Informationen


Süsterkirche

Süsterkirche

Süsterkirche von Westen: Turm (1860/61), Kirchenschiff (um 1500), Querschiff (1891/92)

Wir betreten die evangelisch-reformierte Kirche durch den Kirchturm, der 1860/61 erbaut worden ist, und steigen dann vier Stufen in das Kirchenschiff hinunter: Je Stufe gleichsam 100 Jahre in die Geschichte zurück. Wie ist es dazu gekommen?

Herzog Wilhelm IV. von Jülisch-Berg erlaubte 1491 zunächst "den Schwestern des St. Augustinus-Ordens, 12 Personen und zwei Mägden", ab 1503 dann 24 Nonnen, sich in Wilhelm Toppes, des Seligen, Hof in der Altstadt Bielefeld niederzulassen. Es gab also noch unbebautes Gelände, und die Schwestern (niederdeutsch "Sistern") haben sicher bald darauf ihre Kirche mit einigen anderen klösterlichen Gebäuden errichtet, die insgesamt als "Süsterhus" und "Kloster zum Mariental" bezeichnet wurden. Dies Kirchlein, 60 Fuß lang, 28 Fuß breit, 44 Fuß hoch, trug einen Dachreiter als Glockenstuhl, in dem eine Glocke mit der Jahreszahl 1514 hing, so dass bis dahin die Süsterkirche errichtet gewesen sein muss.

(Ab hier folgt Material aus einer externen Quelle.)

lemma plane_wave_residual_le:
  fixes k :: 'a and B :: "'a set"
  assumes [measurable]: "B \<in> sets borel" and v_B: "B \<subseteq> {x. v x = 0}"
  shows "cmod (Hop a v (plane_wave k B) x - complex_of_real (ahat a k - 1) * plane_wave k B x)
    \<le> (LINT y|lborel. \<bar>indicator B (x + y) - indicator B x\<bar> * a y)"
proof -
  let ?\<psi> = "plane_wave k B"
  have \<psi>_bounded: "cmod (?\<psi> x) \<le> 1" for x
    by (simp add: norm_plane_wave split: split_indicator)
  have int_shift: "integrable lborel (\<lambda>y. ?\<psi> (x + y) * complex_of_real (a y))"
    by (rule integrable_bounded_mult_kernel[of _ 1]) (auto simp: \<psi>_bounded)
  have int_wave: "integrable lborel (\<lambda>y. (?\<psi> x * cis (k \<bullet> y)) * complex_of_real (a y))"
    by (rule integrable_bounded_mult_kernel[of _ 1]) (auto simp: norm_mult \<psi>_bounded)
  have ahat_wave: "complex_of_real (ahat a k) * ?\<psi> x
      = (LINT y|lborel. (?\<psi> x * cis (k \<bullet> y)) * complex_of_real (a y))"
    unfolding integral_cis_kernel[symmetric] mult.assoc by simp
  have v_\<psi>: "complex_of_real (v x) * ?\<psi> x = 0"
    using v_B unfolding plane_wave_def by (simp split: split_indicator) blast
  have "Hop a v ?\<psi> x - complex_of_real (ahat a k - 1) * ?\<psi> x
      = (LINT y|lborel. ?\<psi> (x + y) * complex_of_real (a y)) - complex_of_real (ahat a k) * ?\<psi> x"
    unfolding Hop_def Lop_bounded[OF plane_wave_borel[OF assms(1)] \<psi>_bounded] v_\<psi>
    by (simp add: algebra_simps)
  also have "\<dots> = (LINT y|lborel. ?\<psi> (x + y) * complex_of_real (a y) - (?\<psi> x * cis (k \<bullet> y)) * complex_of_real (a y))"
    unfolding ahat_wave by (rule Bochner_Integration.integral_diff[OF int_shift int_wave, symmetric])
  also have "\<dots> = (LINT y|lborel. cis (k \<bullet> (x + y)) * complex_of_real ((indicator B (x + y) - indicator B x) * a y))"
  proof (rule Bochner_Integration.integral_cong[OF refl])
    fix y
    have "cis (k \<bullet> x) * cis (k \<bullet> y) = cis (k \<bullet> (x + y))" by (simp add: cis_mult inner_add_right)
    then show "?\<psi> (x + y) * complex_of_real (a y) - (?\<psi> x * cis (k \<bullet> y)) * complex_of_real (a y)
        = cis (k \<bullet> (x + y)) * complex_of_real ((indicator B (x + y) - indicator B x) * a y)"
      unfolding plane_wave_def by (simp add: algebra_simps of_real_indicator)
  qed
  also have "cmod \<dots> \<le> (LINT y|lborel. cmod (cis (k \<bullet> (x + y)) * complex_of_real ((indicator B (x + y) - indicator B x) * a y)))"
    by (rule integral_norm_bound)
  also have "\<dots> = (LINT y|lborel. \<bar>indicator B (x + y) - indicator B x\<bar> * a y)"
    by (simp add: norm_mult abs_mult a_nonneg del: of_real_mult of_real_diff)
  finally show ?thesis .
qed

lemma plane_wave_residual_bound:
  fixes k c :: 'a
  assumes "R > 0" and v_ball: "ball c R \<subseteq> {x. v x = 0}"
  shows "L2 (\<lambda>x. Hop a v (plane_wave k (ball c R)) x - complex_of_real (ahat a k - 1) * plane_wave k (ball c R) x)"
    and "L2norm_sq (\<lambda>x. Hop a v (plane_wave k (ball c R)) x - complex_of_real (ahat a k - 1) * plane_wave k (ball c R) x)
      \<le> unit_ball_vol DIM('a) * R ^ DIM('a)
        * (LINT y|lborel. a y * min 2 (real DIM('a) * 2 ^ DIM('a) * norm y / R))"
proof -
  define g where "g = (\<lambda>x. Hop a v (plane_wave k (ball c R)) x
    - complex_of_real (ahat a k - 1) * plane_wave k (ball c R) x)"
  define h where "h = (\<lambda>x. LINT y|lborel. \<bar>indicator (ball c R) (x + y) - indicator (ball c R) x\<bar> * a y)"
  have h_bounds: "0 \<le> h x" "h x \<le> 1" for x
    unfolding h_def by (rule kernel_average_bounds; simp split: split_indicator)+
  have g_sq: "(cmod (g x))\<^sup>2 \<le> h x" for x
  proof -
    have "cmod (g x) \<le> h x"
      unfolding g_def h_def by (rule plane_wave_residual_le[OF _ v_ball]) simp
    then have "(cmod (g x))\<^sup>2 \<le> (h x)\<^sup>2" by (simp add: power_mono)
    also have "\<dots> \<le> h x" using h_bounds[of x] by (simp add: power2_eq_square mult_left_le_one_le)
    finally show ?thesis .
  qed
  have g_meas: "g \<in> borel_measurable lborel"
    unfolding g_def Hop_def Lop_def by measurable
  note boundary = ball_boundary_kernel_bound[OF \<open>R > 0\<close>, of c, folded h_def]
  note g_bound = L2_pointwise_bound[OF g_meas boundary(1) g_sq]
  show "L2 (\<lambda>x. Hop a v (plane_wave k (ball c R)) x - complex_of_real (ahat a k - 1) * plane_wave k (ball c R) x)"
    using g_bound(1) unfolding g_def .
  show "L2norm_sq (\<lambda>x. Hop a v (plane_wave k (ball c R)) x - complex_of_real (ahat a k - 1) * plane_wave k (ball c R) x)
      \<le> unit_ball_vol DIM('a) * R ^ DIM('a)
        * (LINT y|lborel. a y * min 2 (real DIM('a) * 2 ^ DIM('a) * norm y / R))"
    using order.trans[OF g_bound(2) boundary(2)] unfolding g_def .
qed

Die "Süstern" mit ihrem Schwesternhaus lebten nach der Regel der Augustinerinnen und wollten als Anhänger der von Holland ausgehenden spätmittelalterlichen Frömmigkeits-bewegung "Devotio Moderna" eine Reform der Kirche von innen heraus durch die Nachfolge Christi in Frömmigkeit, Eintracht und Leben in der Welt, also nicht hinter Klostermauern.

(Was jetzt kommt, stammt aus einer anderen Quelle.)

(* Let $Q_X$ be a distribution on a set $\mathcal A$ and $R_{XY}$ a distribution on $\mathcal A\times\mathcal B$, with $X$-marginal $R_X$ and conditional distribution $R_{Y|X}$. For any $a_1,a_2>0$, $$\operatorname*{argmin}_{P_{XY}}\big(a_1D(P_X\|Q_X)+a_2D(P_{XY}\|R_{XY})\big)=P^\star_{XY},$$ where $P^\star_X=(Q_X,R_X)_{\frac{a_1}{a_1+a_2}}$ and $P^\star_{Y|X}=R_{Y|X}$ (here $P_X$ denotes the $X$-marginal of $P_{XY}$).
   Context: $D$ is relative entropy (KL divergence). For $P\ll R$, $\imath_{P\|R}=\log\frac{\mathrm dP}{\mathrm dR}$; the Rényi divergence of order $\lambda\in(0,1)$ is $D_\lambda(P\|Q)=\frac1{\lambda-1}\log\mathbb E_R[\exp(\lambda\imath_{P\|R}+(1-\lambda)\imath_{Q\|R})]$ for any $R$ dominating $P,Q$. The tilted distribution $(P,Q)_\lambda$, $\lambda\in[0,1]$, is defined by $\imath_{(P,Q)_\lambda\|R}=\lambda\imath_{P\|R}+(1-\lambda)\imath_{Q\|R}+(1-\lambda)D_\lambda(P\|Q)$, i.e. it has density proportional to $(\frac{\mathrm dP}{\mathrm dR})^\lambda(\frac{\mathrm dQ}{\mathrm dR})^{1-\lambda}$ w.r.t. $R$. *)

theory Defs
  imports "HOL-Probability.Probability"
begin

text \<open>Relative entropy (natural logarithm), with value +infinity when P is not
  absolutely continuous w.r.t. Q or the log-likelihood ratio is not P-integrable
  (in which case the integral of its positive part is infinite).\<close>
definition kl_div :: "'a measure \<Rightarrow> 'a measure \<Rightarrow> ereal" where
  "kl_div P Q =
     (if sets P = sets Q \<and> absolutely_continuous Q P \<and>
         integrable P (\<lambda>x. ln (enn2real (RN_deriv Q P x)))
      then ereal (\<integral>x. ln (enn2real (RN_deriv Q P x)) \<partial>P)
      else \<infinity>)"

definition tilted :: "real \<Rightarrow> 'a measure \<Rightarrow> 'a measure \<Rightarrow> 'a measure \<Rightarrow> bool" where
  "tilted lam P Q T \<longleftrightarrow>
     (\<exists>mu f g. sigma_finite_measure mu \<and>
        f \<in> borel_measurable mu \<and> g \<in> borel_measurable mu \<and>
        (\<forall>x\<in>space mu. 0 \<le> f x \<and> 0 \<le> g x) \<and>
        P = density mu (\<lambda>x. ennreal (f x)) \<and> Q = density mu (\<lambda>x. ennreal (g x)) \<and>
        (let Z = (\<integral>\<^sup>+x. ennreal (f x powr lam * g x powr (1 - lam)) \<partial>mu) in
           0 < Z \<and> Z < \<infinity> \<and>
           T = density mu (\<lambda>x. ennreal (f x powr lam * g x powr (1 - lam)) / Z)))"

Der Bau der einschiffigen spätgotischen Hallenkirche mit ihren vier Jochen fiel ihren Idealen entsprechend schlicht aus. Ein im Kloster verwendetes, auch sehr einfaches Gebetbuch mit Psalmen und Mariengebeten befindet sich im Besitz des Stadtarchivs und ist wegen seiner mittelniederdeutschen Mundart als "Bielefelder Gebetbuch" in die deutsche Literaturgeschichte eingegangen.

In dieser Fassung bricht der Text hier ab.